Eva Szepesi shared a recipe for palascinta, Hungarian pancakes that were accompanied by jam that her mother and grandmother made from their backyard apricot tree. Alexander Spilberg’s family couldn’t afford to buy veal before the war, but he learned to make veal paprikash when he moved to Canada; he also contributed a recipe for mamaglia, a typical Romanian side dish his mother served with plum jam. Angela Orosz-Richt, born Dec. 21, 1943 in Barrack C in Auschwitz, never tried the food her mother made before the war. Her submission is madartej, or bird’s milk, a sweet, rich custard her mother made weekly during Orosz-Richt’s childhood in postwar Hungary.
Despite their advanced age and the challenges around gathering during the coronavirus pandemic, five of the survivors met in New York in October 2021 to cook some of the recipes that would be included in the book. Silverman took photographs at the gathering.
Zalewska hoped to create a book that was “elegant and timeless, classic and inviting.” The goal, Zalewska said, was to “strip the images of a specific historical context and focus on just the beauty of the dish. We kept the arrangements minimalistic, and we limited the number of props. We kept the focus on the food.”
That was in keeping with the Holocaust experiences of the survivors featured. “We would talk and dream about compotes and food and so on,” Elisabeth Citrom recalled about her experience in concentration camps. “We lived on nothing but stories about food.”
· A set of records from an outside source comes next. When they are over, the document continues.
lemma weighted_le_of_growth:
  assumes "cmod (h w) \<le> K * exp (\<alpha> * (cmod w)\<^sup>2 / 2)"
  shows "cmod (h w) * exp (- \<alpha> * (cmod w)\<^sup>2 / 2) \<le> K"
proof -
  have "cmod (h w) * exp (- \<alpha> * (cmod w)\<^sup>2 / 2) \<le> K * exp (\<alpha> * (cmod w)\<^sup>2 / 2) * exp (- \<alpha> * (cmod w)\<^sup>2 / 2)"
    by (rule mult_right_mono[OF assms]) simp
  also have "\<dots> = K" by (simp add: mult.assoc mult_exp_exp)
  finally show ?thesis .
qed

lemma fock_inf_norm_le:
  assumes "\<And>z. cmod (f z) * exp (- \<alpha> * (cmod z)\<^sup>2 / 2) \<le> B"
  shows "fock_inf_norm \<alpha> f \<le> B"
  unfolding fock_inf_norm_def by (rule cSUP_least) (use assms in auto)

lemma fock_inf_norm_nonneg:
  assumes "f \<in> fock_inf \<alpha>"
  shows "0 \<le> fock_inf_norm \<alpha> f"
  by (rule order_trans[OF _ fock_inf_norm_upper[OF assms, of 0]]) simp

lemma fock_infI:
  assumes "f holomorphic_on UNIV" "\<And>z. cmod (f z) * exp (- \<alpha> * (cmod z)\<^sup>2 / 2) \<le> B"
  shows "f \<in> fock_inf \<alpha>"
  using assms unfolding fock_inf_def by (auto intro!: bdd_aboveI2)

lemma fock_inf_holomorphic: "f \<in> fock_inf \<alpha> \<Longrightarrow> f holomorphic_on UNIV"
  by (simp add: fock_inf_def)

lemma fock_inf_continuous: "f \<in> fock_inf \<alpha> \<Longrightarrow> continuous_on UNIV f"
  by (simp add: fock_inf_holomorphic holomorphic_on_imp_continuous_on)

lemma fock_inf_diff:
  assumes "f \<in> fock_inf \<alpha>" "g \<in> fock_inf \<alpha>"
  shows "(\<lambda>z. f z - g z) \<in> fock_inf \<alpha>"
proof (rule fock_infI)
  show "(\<lambda>z. f z - g z) holomorphic_on UNIV"
    using assms[THEN fock_inf_holomorphic] by (auto intro!: holomorphic_intros)
  fix z
  have "cmod (f z - g z) * exp (- \<alpha> * (cmod z)\<^sup>2 / 2) \<le>
        (cmod (f z) + cmod (g z)) * exp (- \<alpha> * (cmod z)\<^sup>2 / 2)"
    by (rule mult_right_mono) (auto simp: norm_triangle_ineq4)
  also have "\<dots> \<le> fock_inf_norm \<alpha> f + fock_inf_norm \<alpha> g"
    using fock_inf_norm_upper[OF assms(1), of z] fock_inf_norm_upper[OF assms(2), of z]
    by (simp add: algebra_simps)
  finally show "cmod (f z - g z) * exp (- \<alpha> * (cmod z)\<^sup>2 / 2) \<le> fock_inf_norm \<alpha> f + fock_inf_norm \<alpha> g" .
qed
(* Let $f:Y\to X$ be a covering of finite connected graphs. Consider the exact sequences \[ 0\to\mathbb{Z}\xrightarrow{\iota_Y}\mathrm{Div}(Y)\xrightarrow{\mathcal{L}_Y}\mathrm{Div}(Y)\to\mathrm{Pic}(Y)\to0 \] and \[ 0\to\mathbb{Z}\xrightarrow{\iota_X}\mathrm{Div}(X)\xrightarrow{\mathcal{L}_X}\mathrm{Div}(X)\to\mathrm{Pic}(X)\to0. \] The vertical maps are multiplication by $[Y:X]$ on $\mathbb{Z}$, $f_{\mathsf r}$ on the first $\mathrm{Div}$, $f_*$ on the second $\mathrm{Div}$, and the map $\mathrm{Pic}(Y)\to\mathrm{Pic}(X)$ induced by $f_*$. These vertical maps make the resulting diagram commute. Explicitly, $f_{\mathsf r}\circ\iota_Y=[Y:X]\,\iota_X$ and $f_*\circ\mathcal{L}_Y=\mathcal{L}_X\circ f_{\mathsf r}$. Moreover, $f_*$ and the induced map $\mathrm{Pic}(Y)\to\mathrm{Pic}(X)$ are surjective.
   Context: A finite graph $X$ consists of a finite vertex set $V_X$, a finite edge set $\mathbb{E}_X$, a fixed-point-free involution $e\mapsto\bar e$, and maps $s,t:\mathbb{E}_X\to V_X$ with $s(\bar e)=t(e)$ and $t(\bar e)=s(e)$. $\mathbb{E}_{X,v}=\{e\in\mathbb{E}_X: s(e)=v\}$. A morphism $f:Y\to X$ consists of maps $f_V$, $f_{\mathbb{E}}$ compatible with $s$, $t$ and the involution. It is a covering if for each $w\in V_Y$ there is a positive integer $m_w(f)$ such that $f_{\mathbb{E}}:\mathbb{E}_{Y,w}\to\mathbb{E}_{X,f_V(w)}$ is $m_w(f)$-to-one. The degree is $[Y:X]=\sum_{w\in f_V^{-1}(v)}m_w(f)$, which is independent of $v\in V_X$ when $X$ is connected. $\mathrm{Div}(X)=\bigoplus_{v\in V_X}\mathbb{Z}[v]$. The Laplacian $\mathcal{L}_X:\mathrm{Div}(X)\to\mathrm{Div}(X)$ is $\mathcal{L}_X([v])=\sum_{e\in\mathbb{E}_{X,v}}([v]-[t(e)])$, and $\mathrm{Pic}(X)=\mathrm{coker}\,\mathcal{L}_X$. The map $\iota_X:\mathbb{Z}\to\mathrm{Div}(X)$ sends $1$ to $\sum_{v\in V_X}[v]$, and for connected $X$ the displayed rows are exact. The homomorphisms $f_*,f_{\mathsf r}:\mathrm{Div}(Y)\to\mathrm{Div}(X)$ are defined by $f_*([w])=[f_V(w)]$ and $f_{\mathsf r}([w])=m_w(f)[f_V(w)]$. *)

theory Defs
  imports Main
begin
text \<open>If the data lie within \<open>d\<close> of the range of \<open>A\<close> and \<open>d < t\<close>, some \<open>G_n\<close> with \<open>n \<ge> 1\<close>
  falls below \<open>t\<close>; hence the stopping index is well defined.\<close>

lemma Gseq_eventually_below:
  assumes q: "0 < q" "q < 1" and "0 < \<alpha>0"
    and close: "norm (fd - A *v x) \<le> d" and "d < t"
  shows "\<exists>n\<ge>1. Gseq A q \<alpha>0 fd n \<le> t"
proof -
  define r where "r = sqrt q"
  define K where "K = sqrt \<alpha>0 * norm x"
  have "q ^ 2 \<le> q"
    using q by (simp add: power2_eq_square mult_left_le_one_le)
  then have r: "0 \<le> r" "r < 1" "q \<le> r"
    unfolding r_def using q by (auto intro: real_le_rsqrt)
  have "0 \<le> d"
    using close norm_ge_zero order_trans by blast
  have summand: "\<alpha>0 * q ^ Suc k * norm (matrix_inv (Qa A (\<alpha>0 * q ^ Suc k)) *v fd)
                   \<le> d + K * r ^ Suc k" for k
  proof -
    define a where "a = \<alpha>0 * q ^ Suc k"
    have "0 < a"
      unfolding a_def using \<open>0 < \<alpha>0\<close> q by simp
    have "a * norm (matrix_inv (Qa A a) *v fd)
          \<le> a * norm (matrix_inv (Qa A a) *v (A *v x)) + norm (fd - A *v x)"
      using Qa_inv_perturb[OF \<open>0 < a\<close>, of A fd "A *v x"] by linarith
    also have "\<dots> \<le> sqrt a * norm x + d"
      using Qa_inv_range[OF \<open>0 < a\<close>, of A x] close by linarith
    also have "sqrt a * norm x = K * r ^ Suc k"
      unfolding a_def K_def r_def by (simp add: real_sqrt_mult real_sqrt_power mult_ac)
    finally show ?thesis
      unfolding a_def by simp
  qed
  have "(\<lambda>n. K * (real n * r ^ n)) \<longlonglongrightarrow> 0"
    using tendsto_mult_right_zero[OF powser_times_n_limit_0[of r]] r by simp
  then have "eventually (\<lambda>n. K * (real n * r ^ n) < t - d) sequentially"
    using \<open>d < t\<close> by (simp add: order_tendstoD(2))
  then obtain N where N: "\<And>n. n \<ge> N \<Longrightarrow> K * (real n * r ^ n) < t - d"
    by (auto simp: eventually_sequentially)
  have "Gseq A q \<alpha>0 fd (max N 1) \<le> d + K * (real (max N 1) * r ^ max N 1)"
    using q \<open>0 \<le> d\<close> \<open>0 < \<alpha>0\<close> r
    by (intro Gseq_upper[OF _ _ r(3) _ _ summand]) (auto simp: K_def)
  also have "\<dots> < t"
    using N[of "max N 1"] by simp
  finally show ?thesis
    by (intro exI[of _ "max N 1"]) simp
qed
lemma extend_by_identity_kernel:
  "extend_by_identity K U *v v = 0 \<longleftrightarrow> (v, U *v v) \<in> coord_lagrangian K"
proof
  assume ker: "extend_by_identity K U *v v = 0"
  then have "vec_merge K v 0 = v"
    by (auto simp: vec_eq_iff extend_by_identity_mult) metis
  with ker have "vec_merge K (U *v v) v = 0"
    by (simp add: extend_by_identity_mult)
  then show "(v, U *v v) \<in> coord_lagrangian K"
    by (auto simp: vec_eq_iff coord_lagrangian_def) metis+
next
  assume z: "(v, U *v v) \<in> coord_lagrangian K"
  then have "vec_merge K v 0 = v"
    by (auto simp: vec_eq_iff coord_lagrangian_def)
  with z show "extend_by_identity K U *v v = 0"
    by (simp add: extend_by_identity_mult) (auto simp: vec_eq_iff coord_lagrangian_def)
qed

lemma det_extend_by_identity:
  fixes K :: "'n::finite set"
  shows "det (extend_by_identity K U) = (\<Sum>\<pi> | \<pi> permutes K. of_int (sign \<pi>) * (\<Prod>i\<in>K. U $ i $ \<pi> i))"
proof -
  let ?E = "extend_by_identity K U"
  have vanish: "(\<Prod>i\<in>UNIV. ?E $ i $ \<pi> i) = 0" if "\<pi> permutes UNIV" "\<not> \<pi> permutes K" for \<pi>
  proof -
    from that obtain i where "i \<notin> K" "\<pi> i \<noteq> i"
      unfolding permutes_def by blast
    then have "?E $ i $ \<pi> i = 0" by (simp add: extend_by_identity_def mat_def)
    then show ?thesis by (meson UNIV_I finite prod_zero_iff)
  qed
  have restrict: "(\<Prod>i\<in>UNIV. ?E $ i $ \<pi> i) = (\<Prod>i\<in>K. U $ i $ \<pi> i)" if "\<pi> permutes K" for \<pi>
  proof -
    have "(\<Prod>i\<in>UNIV. ?E $ i $ \<pi> i) = (\<Prod>i\<in>K \<union> -K. ?E $ i $ \<pi> i)"
      by simp
    also have "\<dots> = (\<Prod>i\<in>K. ?E $ i $ \<pi> i) * (\<Prod>i\<in>-K. ?E $ i $ \<pi> i)"
      by (rule prod.union_disjoint) auto
    also have "(\<Prod>i\<in>-K. ?E $ i $ \<pi> i) = 1"
      using that by (intro prod.neutral) (auto simp: extend_by_identity_def mat_def permutes_not_in)
    also have "(\<Prod>i\<in>K. ?E $ i $ \<pi> i) = (\<Prod>i\<in>K. U $ i $ \<pi> i)"
      using that by (intro prod.cong) (auto simp: extend_by_identity_def permutes_in_image)
    finally show ?thesis by simp
  qed
  have "(\<Sum>\<pi> | \<pi> permutes UNIV. of_int (sign \<pi>) * (\<Prod>i\<in>UNIV. ?E $ i $ \<pi> i)) =
      (\<Sum>\<pi> | \<pi> permutes K. of_int (sign \<pi>) * (\<Prod>i\<in>UNIV. ?E $ i $ \<pi> i))"
    using vanish by (intro sum.mono_neutral_right) (auto intro: finite_permutations permutes_subset)
  then show ?thesis
    unfolding det_def by (simp add: restrict)
qed

lemma det_eq_0_iff_kernel: "det (A :: real^'n^'n) = 0 \<longleftrightarrow> (\<exists>v. v \<noteq> 0 \<and> A *v v = 0)"
  using det_eq_0_rank less_rank_noninjective vec.inj_iff_eq_0 by blast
Citrom’s recipe for eggplant salad tracks the path of her life. Citrom’s mother and grandmother made eggplant salad in Hungarian-controlled Transylvania, where Citrom was raised. But it also was a popular food in postwar Palestine and during the early years of the State of Israel, where Citrom lived immediately following the war. That dish followed her when she and her husband, also a survivor, moved to Sweden to reunite with her father when they learned that he, too, had survived the war. And it evolved into a family favorite for her grandchildren, raised in New York City.
Another contributor, Rachel Roth, was an excellent storyteller, and she would share memories of Shabbat dinners and fragrant dishes with her fellow prisoners while they stood outside in frigid line-ups. “Rachel’s Fantastical Chicken Soup” is a classic recipe finished off with thin noodles and savoy cabbage. Roth, who died in February, went on to have five children and she came to the commemoration in 2020 with three generations of her family.
Another contributed matbucha, a tomato and pepper spread with roots in North African cuisine. (Ellen Silverman)
Survivors who did not make it to the 2020 gathering are represented as well. Goldie Finkelstein, the sole survivor of her immediate family in Poland, died in December 2019. The book also includes a recipe for onion-free potato pancakes from Nobel Laureate Elie Wiesel, who died in 2016. Lauder, a close friend of the Wiesel family, contacted the writer’s widow, Marion, for the family’s recipe.
Lauder writes in the book’s foreword that the project is a testament to the power of the human spirit. He hopes that copies will be given as a gift to every Jewish couple at the start of their lives together.
“This book brings a connection to the past,” he said. “There is no stronger connection you can have than food. You generally can’t wear your ancestors’ clothes or visit their homes. But you can prepare the same food.”